# Statistics.var wasting time calculating the mean?

I was trying to understand why Statistics.jl has both `var` and `varm` functions (since `var` already accepts a `mean` parameter). Doing `@less var([1,2,3])` I see:

``````var(A::AbstractArray; corrected::Bool=true, mean=nothing, dims=:) = _var(A, corrected, mean, dims)

_var(A::AbstractArray, corrected::Bool, mean, dims) =
varm(A, something(mean, Statistics.mean(A, dims=dims)); corrected=corrected, dims=dims)

_var(A::AbstractArray, corrected::Bool, mean, ::Colon) =
real(varm(A, something(mean, Statistics.mean(A)); corrected=corrected))
``````

Am I missing something here, or is the method recalculating the mean even when it is provided? Isn’t it wasteful?

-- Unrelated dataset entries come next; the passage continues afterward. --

text \<open>
  Each entry is at most \<open>\<epsilon>\<close> times the number of common nonzero rows of two columns of \<open>U\<close>,
  so the sparsity bounds \<open>L\<close> and \<open>M\<close> control the row and column sums in Schur's test.\<close>
lemma conj_diag_real_diff_bound:
  assumes U: "orthonormal_cols U n" and \<epsilon>: "0 \<le> \<epsilon>"
    and close: "\<And>i j. i < n \<Longrightarrow> j < n \<Longrightarrow> U $$ (i, j) \<noteq> 0 \<Longrightarrow> \<bar>d i - e j\<bar> \<le> \<epsilon>"
    and row_support: "\<And>i. i < n \<Longrightarrow> card {j. j < n \<and> U $$ (i, j) \<noteq> 0} \<le> L"
    and col_support: "\<And>j. j < n \<Longrightarrow> card {i. i < n \<and> U $$ (i, j) \<noteq> 0} \<le> M"
    and w: "w \<in> carrier_vec n"
  shows "vnorm ((mat_adjoint U * diag_real n d * U - diag_real n e) *\<^sub>v w) \<le> \<epsilon> * (real L * real M) * vnorm w"
proof (rule vnorm_mult_mat_vec_le_schur[OF _ w])
  show "mat_adjoint U * diag_real n d * U - diag_real n e \<in> carrier_mat n n"
    by (rule minus_carrier_mat) simp
  show "0 \<le> \<epsilon> * (real L * real M)"
    using \<epsilon> by simp
  have entry: "cmod ((mat_adjoint U * diag_real n d * U - diag_real n e) $$ (j, j'))
      \<le> \<epsilon> * (\<Sum>i<n. if U $$ (i, j) \<noteq> 0 \<and> U $$ (i, j') \<noteq> 0 then 1 else 0)"
    if "j < n" "j' < n" for j j'
    by (intro index_conj_diag_real_diff_le[OF U that] close) (use that in auto)
  fix j
  assume j: "j < n"
  have count: "(\<Sum>j'<n. \<Sum>i<n. if U $$ (i, j) \<noteq> 0 \<and> U $$ (i, j') \<noteq> 0 then 1 else 0::real)
      \<le> real L * real M"
    by (rule sum_common_support_le[of n "\<lambda>i j. U $$ (i, j) \<noteq> 0"])
      (use row_support col_support j in auto)
  have "(\<Sum>j'<n. cmod ((mat_adjoint U * diag_real n d * U - diag_real n e) $$ (j, j')))
      \<le> (\<Sum>j'<n. \<epsilon> * (\<Sum>i<n. if U $$ (i, j) \<noteq> 0 \<and> U $$ (i, j') \<noteq> 0 then 1 else 0))"
    using entry j by (intro sum_mono) auto
  also have "\<dots> = \<epsilon> * (\<Sum>j'<n. \<Sum>i<n. if U $$ (i, j) \<noteq> 0 \<and> U $$ (i, j') \<noteq> 0 then 1 else 0)"
    by (simp add: sum_distrib_left)
  also have "\<dots> \<le> \<epsilon> * (real L * real M)"
    using count \<epsilon> by (intro mult_left_mono) auto
  finally show "(\<Sum>j'<n. cmod ((mat_adjoint U * diag_real n d * U - diag_real n e) $$ (j, j')))
      \<le> \<epsilon> * (real L * real M)" .
  have "(\<Sum>i<n. cmod ((mat_adjoint U * diag_real n d * U - diag_real n e) $$ (i, j)))
      \<le> (\<Sum>i<n. \<epsilon> * (\<Sum>k<n. if U $$ (k, j) \<noteq> 0 \<and> U $$ (k, i) \<noteq> 0 then 1 else 0))"
    using entry j by (intro sum_mono) (auto simp: conj_commute)
  also have "\<dots> = \<epsilon> * (\<Sum>i<n. \<Sum>k<n. if U $$ (k, j) \<noteq> 0 \<and> U $$ (k, i) \<noteq> 0 then 1 else 0)"
    by (simp add: sum_distrib_left)
  also have "\<dots> \<le> \<epsilon> * (real L * real M)"
    using count \<epsilon> by (intro mult_left_mono) auto
  finally show "(\<Sum>i<n. cmod ((mat_adjoint U * diag_real n d * U - diag_real n e) $$ (i, j)))
      \<le> \<epsilon> * (real L * real M)" .
qed

lemma conj_pow_Suc_diff_mult_vec:
  fixes A B D D1 D' :: "'a::comm_ring_1 mat"
  assumes A: "A \<in> carrier_mat n n" and B: "B \<in> carrier_mat n n" and D: "D \<in> carrier_mat n n"
    and D1: "D1 \<in> carrier_mat n n" and D': "D' \<in> carrier_mat n n" and v: "v \<in> carrier_vec n"
  shows "(A ^\<^sub>m Suc N * D * B ^\<^sub>m Suc N - D') *\<^sub>v v
    = A ^\<^sub>m N *\<^sub>v ((A * D * B - D1) *\<^sub>v (B ^\<^sub>m N *\<^sub>v v)) + (A ^\<^sub>m N * D1 * B ^\<^sub>m N - D') *\<^sub>v v"
proof -
  define P where "P = A ^\<^sub>m N"
  define Q where "Q = B ^\<^sub>m N"
  define M where "M = A * D * B"
  define X where "X = A ^\<^sub>m Suc N * D * B ^\<^sub>m Suc N"
  define w where "w = Q *\<^sub>v v"
  have P: "P \<in> carrier_mat n n" and Q: "Q \<in> carrier_mat n n" and M: "M \<in> carrier_mat n n"
    and X: "X \<in> carrier_mat n n"
    unfolding P_def Q_def M_def X_def using A B D by auto
  have w: "w \<in> carrier_vec n"
    unfolding w_def using Q v by auto
  have "X = P * M * Q"
    unfolding X_def pow_mat_Suc_left[OF B] pow_mat.simps(2)[of A] P_def Q_def M_def using A B D
    by (simp add: assoc_mult_mat[of _ n n _ n _ n])
  then have "X *\<^sub>v v = P *\<^sub>v (M *\<^sub>v w)"
    unfolding w_def using P M Q v by (simp add: assoc_mult_mat_vec[of _ n n _ n])
  also have "M *\<^sub>v w = (M - D1) *\<^sub>v w + D1 *\<^sub>v w"
    using M D1 w by (intro eq_vecI) (auto simp: minus_mult_distrib_mat_vec[of _ n n])
  also have "P *\<^sub>v ((M - D1) *\<^sub>v w + D1 *\<^sub>v w) = P *\<^sub>v ((M - D1) *\<^sub>v w) + P *\<^sub>v (D1 *\<^sub>v w)"
    using P M D1 w by (intro mult_add_distrib_mat_vec) (auto intro!: mult_mat_vec_carrier[of _ n n])
  also have "P *\<^sub>v (D1 *\<^sub>v w) = (P * D1 * Q) *\<^sub>v v"
    unfolding w_def using P D1 Q v by (simp add: assoc_mult_mat_vec[of _ n n _ n])
  finally have Xv: "X *\<^sub>v v = P *\<^sub>v ((M - D1) *\<^sub>v w) + (P * D1 * Q) *\<^sub>v v" .
  have "(X - D') *\<^sub>v v = X *\<^sub>v v - D' *\<^sub>v v"
    using X D' v by (rule minus_mult_distrib_mat_vec)
  also have "\<dots> = P *\<^sub>v ((M - D1) *\<^sub>v w) + ((P * D1 * Q) *\<^sub>v v - D' *\<^sub>v v)"
    unfolding Xv using P Q M D1 D' v w by (intro eq_vecI) auto
  also have "(P * D1 * Q) *\<^sub>v v - D' *\<^sub>v v = (P * D1 * Q - D') *\<^sub>v v"
    using P D1 Q D' v by (intro minus_mult_distrib_mat_vec[symmetric]) auto
  finally show ?thesis
    unfolding X_def P_def Q_def M_def w_def .
qed

lemma conj_pow_diff_bound:
  assumes U: "orthonormal_cols U n" and U': "orthonormal_cols (mat_adjoint U) n"
    and D: "\<And>s. D s \<in> carrier_mat n n"
    and step: "\<And>s w. w \<in> carrier_vec n \<Longrightarrow>
       vnorm ((mat_adjoint U * D s * U - D (Suc s)) *\<^sub>v w) \<le> c s * vnorm w"
    and v: "v \<in> carrier_vec n"
  shows "vnorm ((mat_adjoint U ^\<^sub>m N * D s * U ^\<^sub>m N - D (s + N)) *\<^sub>v v)
    \<le> (\<Sum>k\<in>{s..<s + N}. c k) * vnorm v"
proof -
  have Uc: "U \<in> carrier_mat n n" and U'c: "mat_adjoint U \<in> carrier_mat n n"
    using U U' unfolding orthonormal_cols_def by auto
  show ?thesis
    using v
  proof (induction N arbitrary: s v)
    case 0
    have "(mat_adjoint U ^\<^sub>m 0 * D s * U ^\<^sub>m 0 - D (s + 0)) *\<^sub>v v = 0\<^sub>v n"
      using Uc U'c D[of s] 0 by (intro eq_vecI) (auto simp: minus_mult_distrib_mat_vec[of _ n n])
    then show ?case
      by (simp add: vnorm_zero_vec)
  next
    case (Suc N)
    define w where "w = U ^\<^sub>m N *\<^sub>v v"
    define Y where "Y = mat_adjoint U * D s * U - D (Suc s)"
    have w: "w \<in> carrier_vec n"
      unfolding w_def using Uc Suc.prems by (auto intro: mult_mat_vec_carrier[of _ n n])
    have Yw: "Y *\<^sub>v w \<in> carrier_vec n"
      unfolding Y_def using Uc U'c D w
      by (auto intro!: mult_mat_vec_carrier[of _ n n] minus_carrier_mat mult_carrier_mat)
    have "(mat_adjoint U ^\<^sub>m Suc N * D s * U ^\<^sub>m Suc N - D (s + Suc N)) *\<^sub>v v
        = mat_adjoint U ^\<^sub>m N *\<^sub>v (Y *\<^sub>v w)
          + (mat_adjoint U ^\<^sub>m N * D (Suc s) * U ^\<^sub>m N - D (Suc s + N)) *\<^sub>v v"
      unfolding w_def Y_def using conj_pow_Suc_diff_mult_vec[OF U'c Uc D D D Suc.prems] by simp
    then have "vnorm ((mat_adjoint U ^\<^sub>m Suc N * D s * U ^\<^sub>m Suc N - D (s + Suc N)) *\<^sub>v v)
        \<le> vnorm (mat_adjoint U ^\<^sub>m N *\<^sub>v (Y *\<^sub>v w))
          + vnorm ((mat_adjoint U ^\<^sub>m N * D (Suc s) * U ^\<^sub>m N - D (Suc s + N)) *\<^sub>v v)"
      using U'c D[of "Suc s + N"] by (simp only:) (rule vnorm_add_le, simp)
    moreover have "vnorm (mat_adjoint U ^\<^sub>m N *\<^sub>v (Y *\<^sub>v w)) \<le> c s * vnorm v"
      using orthonormal_cols_pow_vnorm[OF U' Yw] step[OF w] orthonormal_cols_pow_vnorm[OF U Suc.prems]
      unfolding Y_def w_def by simp
    moreover note Suc.IH[OF Suc.prems, of "Suc s"]
    moreover have "(\<Sum>k\<in>{s..<s + Suc N}. c k) = c s + (\<Sum>k\<in>{Suc s..<Suc s + N}. c k)"
      using sum.atLeast_Suc_lessThan[of s "s + Suc N" c] by simp
    ultimately show ?case
      by (simp only: distrib_right)
  qed
qed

Bonus question: I’m still not clear why Statistics exposes both `var` and `varm`

It looks like the default value for mean in the first method is nothing. It is eventually passed to

`varm(A, something(mean, Statistics.mean(A, dims=dims)); corrected=corrected, dims=dims)`

If the the first argument in `something` is `nothing`, the result is

``````julia> something(nothing, 2)
2
``````

if the first argument in `something` is not nothing, the result is:

``````julia> something(3, 2)
3
``````

So it appears that the mean is not recalculated if it is provided.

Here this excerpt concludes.